11:13 AM EDT, 10/29/2025 (MT Newswires) -- Corning's (GLW) Q3 results came in slightly below expectations, indicating that the pace of earnings growth may stagnate in the near term, even though the long-term growth outlook remains solid, Morgan Stanley said in a note Tuesday.
The analysts said the strongest part of the quarter came from Corning's solar business, which grew 38% quarter-over-quarter and 64% year-over-year. Management also noted that the company's tax rate could decline slightly due to benefits from the One Big Beautiful Bill Act.
The analysts added that they remain cautious about how quickly new optical capacity will come online, as fiber sales were largely in line with expectations. "We could become more positive were we to see scale up opportunity come sooner than expected or Solar business to ramp more profitably than expected."

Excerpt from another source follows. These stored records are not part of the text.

(* Let $I\subset\mathbb R$ be an open interval and let $\mu,\nu$ be locally finite measures on $(I,\mathcal B(I))$. Then the derivative $\overline D_\nu(\mu)$ exists $\mu,\nu$-a.e. on $I$ and is a version of the generalized Radon–Nikodym derivative $\partial\mu/\partial\nu$. In particular, the same holds for the symmetric derivative $D^{\mathrm{sym}}_\nu(\mu)$.
   Context: For $x\in\mathbb R$, $r>0$, $B(x,r)$ is the open ball of center $x$ and radius $r$. A sequence $(A_j)_{j\ge1}\subset\mathcal B(I)$ converges $\nu$-measure-metrizably to $x\in I$ if there are $r_j>0$ with $A_j\subset B(x,r_j)\subset I$ for all $j$, $r_j\to0$, and there is $\alpha\in(0,1]$ with $\nu(A_j)\ge\alpha\,\nu(B(x,r_j))$ for all $j$. $\overline D_\nu(\mu)(x)=z\in[0,\infty]$ means that $\lim_{j\to\infty}\mu(A_j)/\nu(A_j)=z$ for every sequence $(A_j)$ that converges both $\mu$-measure-metrizably and $\nu$-measure-metrizably to $x$. The symmetric derivative is $D^{\mathrm{sym}}_\nu(\mu)(x)=\lim_{r\searrow0}\mu(B(x,r))/\nu(B(x,r))$ when this limit exists in $[0,\infty]$. Generalized Radon–Nikodym derivative: $\partial\mu/\partial\nu$ is a Borel map $I\to[0,\infty]$ with $\frac{\partial\mu}{\partial\nu}=\frac{d\mu/d\gamma}{d\nu/d\gamma}$ $\mu,\nu$-a.e. for any $\sigma$-finite $\gamma$ dominating $\mu$ and $\nu$ (independent of $\gamma$). "$\mu,\nu$-a.e." means outside a set null for both $\mu$ and $\nu$. *)

theory Defs
  imports "HOL-Analysis.Analysis"
begin

abbreviation borel_on :: "real set \<Rightarrow> real measure" where
  "borel_on I \<equiv> restrict_space borel I"

definition locally_finite_on :: "real set \<Rightarrow> real measure \<Rightarrow> bool" where
  "locally_finite_on I \<mu> \<longleftrightarrow>
     sets \<mu> = sets (borel_on I) \<and>
     (\<forall>K. compact K \<and> K \<subseteq> I \<longrightarrow> emeasure \<mu> K < \<infinity>)"

definition mm_converges :: "real measure \<Rightarrow> real set \<Rightarrow> (nat \<Rightarrow> real set) \<Rightarrow> real \<Rightarrow> bool" where
  "mm_converges \<nu> I A x \<longleftrightarrow>
     (\<forall>j. A j \<in> sets (borel_on I)) \<and>
     (\<exists>r :: nat \<Rightarrow> real.
        (\<forall>j. r j > 0 \<and> A j \<subseteq> ball x (r j) \<and> ball x (r j) \<subseteq> I) \<and>
        r \<longlonglongrightarrow> 0 \<and>
        (\<exists>\<alpha>::real. 0 < \<alpha> \<and> \<alpha> \<le> 1 \<and>
           (\<forall>j. emeasure \<nu> (A j) \<ge> ennreal \<alpha> * emeasure \<nu> (ball x (r j)))))"

text \<open>\<open>Dbar \<mu> \<nu> I x z\<close>: the derivative of mu w.r.t. nu at x exists and equals z.
  Quotients are taken in ennreal (a/0 = \<infinity> for a > 0, 0/0 = 0).\<close>
definition Dbar :: "real measure \<Rightarrow> real measure \<Rightarrow> real set \<Rightarrow> real \<Rightarrow> ennreal \<Rightarrow> bool" where
  "Dbar \<mu> \<nu> I x z \<longleftrightarrow>
     (\<forall>A. mm_converges \<mu> I A x \<and> mm_converges \<nu> I A x \<longrightarrow>
        ((\<lambda>j. emeasure \<mu> (A j) / emeasure \<nu> (A j)) \<longlongrightarrow> z) sequentially)"

definition Dsym :: "real measure \<Rightarrow> real measure \<Rightarrow> real \<Rightarrow> ennreal \<Rightarrow> bool" where
  "Dsym \<mu> \<nu> x z \<longleftrightarrow>
     ((\<lambda>r. emeasure \<mu> (ball x r) / emeasure \<nu> (ball x r)) \<longlongrightarrow> z) (at_right 0)"

definition gen_RN_deriv :: "real set \<Rightarrow> real measure \<Rightarrow> real measure \<Rightarrow> (real \<Rightarrow> ennreal) \<Rightarrow> bool" where
  "gen_RN_deriv I \<mu> \<nu> f \<longleftrightarrow>
     f \<in> borel_measurable (borel_on I) \<and>
     (\<forall>\<gamma>. sigma_finite_measure \<gamma> \<and> sets \<gamma> = sets (borel_on I) \<and>
          absolutely_continuous \<gamma> \<mu> \<and> absolutely_continuous \<gamma> \<nu> \<longrightarrow>
          (\<exists>N \<in> null_sets \<mu> \<inter> null_sets \<nu>.
             \<forall>x \<in> I - N. f x = RN_deriv \<gamma> \<mu> x / RN_deriv \<gamma> \<nu> x))"

end

theory Submission
  imports Defs
begin
(* Let $L$, $\rho$ and the notions below be as in the context, let $\lambda_9\in\Lambda$ be a vector of norm $9$, and let $s=(\lambda_9;\theta,-1)$. Let $p$ be the point of $s^\perp$ nearest $\rho$, and let $B=\{x\in\mathbb{C}H^{13}:\mathrm{ht}_\rho(x)<\mathrm{ht}_\rho(p)\}$ be the open horoball centered at $\rho$ whose bounding horosphere is tangent to $s^\perp$ at $p$. Then there exist an open ball $U$ around $p$ with $U\cap\mathcal{H}=U\cap\mathcal{H}_p$, and a triflection $R$ in a Leech root, such that $B\cap R(B)\cap U\neq\emptyset$ and $R(B)\cap U\cap s^\perp\neq\emptyset$.
   Context: Let $\omega$ be a primitive cube root of unity, $\mathcal{E}=\mathbb{Z}[\omega]$, $\theta=\omega-\bar\omega=\sqrt{-3}$. Hermitian forms are linear in the first argument and antilinear in the second; $v^2=\langle v,v\rangle$. $\Lambda$ is the complex Leech lattice, an $\mathcal{E}$-lattice of rank 12 whose underlying real lattice is a scaled Leech lattice, scaled to have minimal norm $6$ (all inner products in $\theta\mathcal{E}$, $\Lambda=\theta\Lambda^*$). $L=\Lambda\oplus\mathcal{E}^2$, vectors $(x;y,z)$ with $x\in\Lambda$, $y,z\in\mathcal{E}$, and $\langle(x;y,z),(x';y',z')\rangle=\langle x,x'\rangle_\Lambda+\bar\theta y\bar z'+\theta z\bar y'$; signature $(13,1)$; $\mathbb{C}H^{13}$ is the set of negative-definite lines in $L\otimes_{\mathcal{E}}\mathbb{C}$ with its complex hyperbolic metric. A root is a vector of $L$ of norm $3$; $s^\perp$ is the corresponding hyperplane in $\mathbb{C}H^{13}$; $\mathcal{H}$ is the union of all such hyperplanes and $\mathcal{H}_p$ the union of those containing $p$. $\rho=(0;0,1)$. For $x\in\mathbb{C}H^{13}$ represented by $w$, $\mathrm{ht}_\rho(x)=-|\langle \rho,w\rangle|^2/w^2$. A Leech root is a root $l$ with $|\langle\rho,l\rangle|^2=3$. A triflection in a root $l$ is a map $x\mapsto x-(1-\zeta)\frac{\langle x,l\rangle}{3}l$ with $\zeta\in\{\omega,\bar\omega\}$. The point of $s^\perp$ nearest $\rho$ is the point represented by $\rho-\tfrac13\langle\rho,s\rangle s$ (the point of $s^\perp$ minimizing $\mathrm{ht}_\rho$). *)

theory Defs
  imports "HOL-Analysis.Analysis"
begin

definition omega :: complex where
  "omega = Complex (-1/2) (sqrt 3 / 2)"

definition theta :: complex where
  "theta = omega - cnj omega"

definition Eis :: "complex set" where
  "Eis = {of_int a + of_int b * omega | a b. True}"

type_synonym cvec12 = "complex ^ 12"

definition hf12 :: "cvec12 \<Rightarrow> cvec12 \<Rightarrow> complex" where
  "hf12 x y = (\<Sum>i\<in>UNIV. x $ i * cnj (y $ i))"

definition E_lattice12 :: "cvec12 set \<Rightarrow> bool" where
  "E_lattice12 M \<longleftrightarrow> (\<exists>b :: 12 \<Rightarrow> cvec12.
      (\<forall>c :: 12 \<Rightarrow> complex. (\<Sum>i\<in>UNIV. c i *s b i) = 0 \<longrightarrow> (\<forall>i. c i = 0)) \<and>
      M = {(\<Sum>i\<in>UNIV. c i *s b i) | c. \<forall>i. c i \<in> Eis})"

definition dual12 :: "cvec12 set \<Rightarrow> cvec12 set" where
  "dual12 M = {y. \<forall>x\<in>M. hf12 x y \<in> Eis}"

definition complex_leech :: "cvec12 set \<Rightarrow> bool" where
  "complex_leech M \<longleftrightarrow>
     E_lattice12 M \<and>
     (\<forall>x\<in>M. \<forall>y\<in>M. hf12 x y \<in> {theta * e | e. e \<in> Eis}) \<and>
     M = {theta *s y | y. y \<in> dual12 M} \<and>
     (\<forall>x\<in>M. x \<noteq> 0 \<longrightarrow> Re (hf12 x x) \<ge> 6) \<and>
     (\<exists>x\<in>M. hf12 x x = 6)"

section \<open>L = Lambda + E^2 and its Hermitian form of signature (13,1)\<close>

type_synonym vec = "cvec12 \<times> complex \<times> complex"

fun hform :: "vec \<Rightarrow> vec \<Rightarrow> complex" where
  "hform (x, y, z) (x', y', z') = hf12 x x' + cnj theta * y * cnj z' + theta * z * cnj y'"

fun vscale :: "complex \<Rightarrow> vec \<Rightarrow> vec" where
  "vscale c (x, y, z) = (c *s x, c * y, c * z)"

fun vsub :: "vec \<Rightarrow> vec \<Rightarrow> vec" where
  "vsub (x, y, z) (x', y', z') = (x - x', y - y', z - z')"

definition Lat :: "cvec12 set \<Rightarrow> vec set" where
  "Lat M = {(x, y, z) | x y z. x \<in> M \<and> y \<in> Eis \<and> z \<in> Eis}"

definition rho :: vec where
  "rho = (0, 0, 1)"

text \<open>Points of complex hyperbolic space CH^13 are represented by negative-norm vectors;
  all point sets below are invariant under nonzero complex scaling.\<close>
definition negv :: "vec \<Rightarrow> bool" where
  "negv w \<longleftrightarrow> Re (hform w w) < 0"

definition roots :: "cvec12 set \<Rightarrow> vec set" where
  "roots M = {r \<in> Lat M. hform r r = 3}"

definition mirror :: "vec \<Rightarrow> vec set" where
  "mirror s = {w. negv w \<and> hform w s = 0}"

definition Hall :: "cvec12 set \<Rightarrow> vec set" where
  "Hall M = (\<Union>r\<in>roots M. mirror r)"

definition Hat :: "cvec12 set \<Rightarrow> vec \<Rightarrow> vec set" where
  "Hat M p = (\<Union>r\<in>{r \<in> roots M. p \<in> mirror r}. mirror r)"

The analysts said demand for optical products remains strong, driven by hyperscaler projects and telecom carriers expanding their fiber networks. Strength in display, specialty materials, and solar should continue into Q4. However, they remain aware of capacity constraints that could limit upside potential.
They now forecast Q4 non-GAAP revenue and EPS of $4.36 billion and $0.70, respectively, and full-year 2025 figures of $16.35 billion and $2.52, up from their prior estimates of $4.15 billion and $0.64 for Q4 and $16.05 billion and $2.45 for the full year.
Morgan Stanley maintains its equal-weight rating on Corning with a price target of $82, up from $75.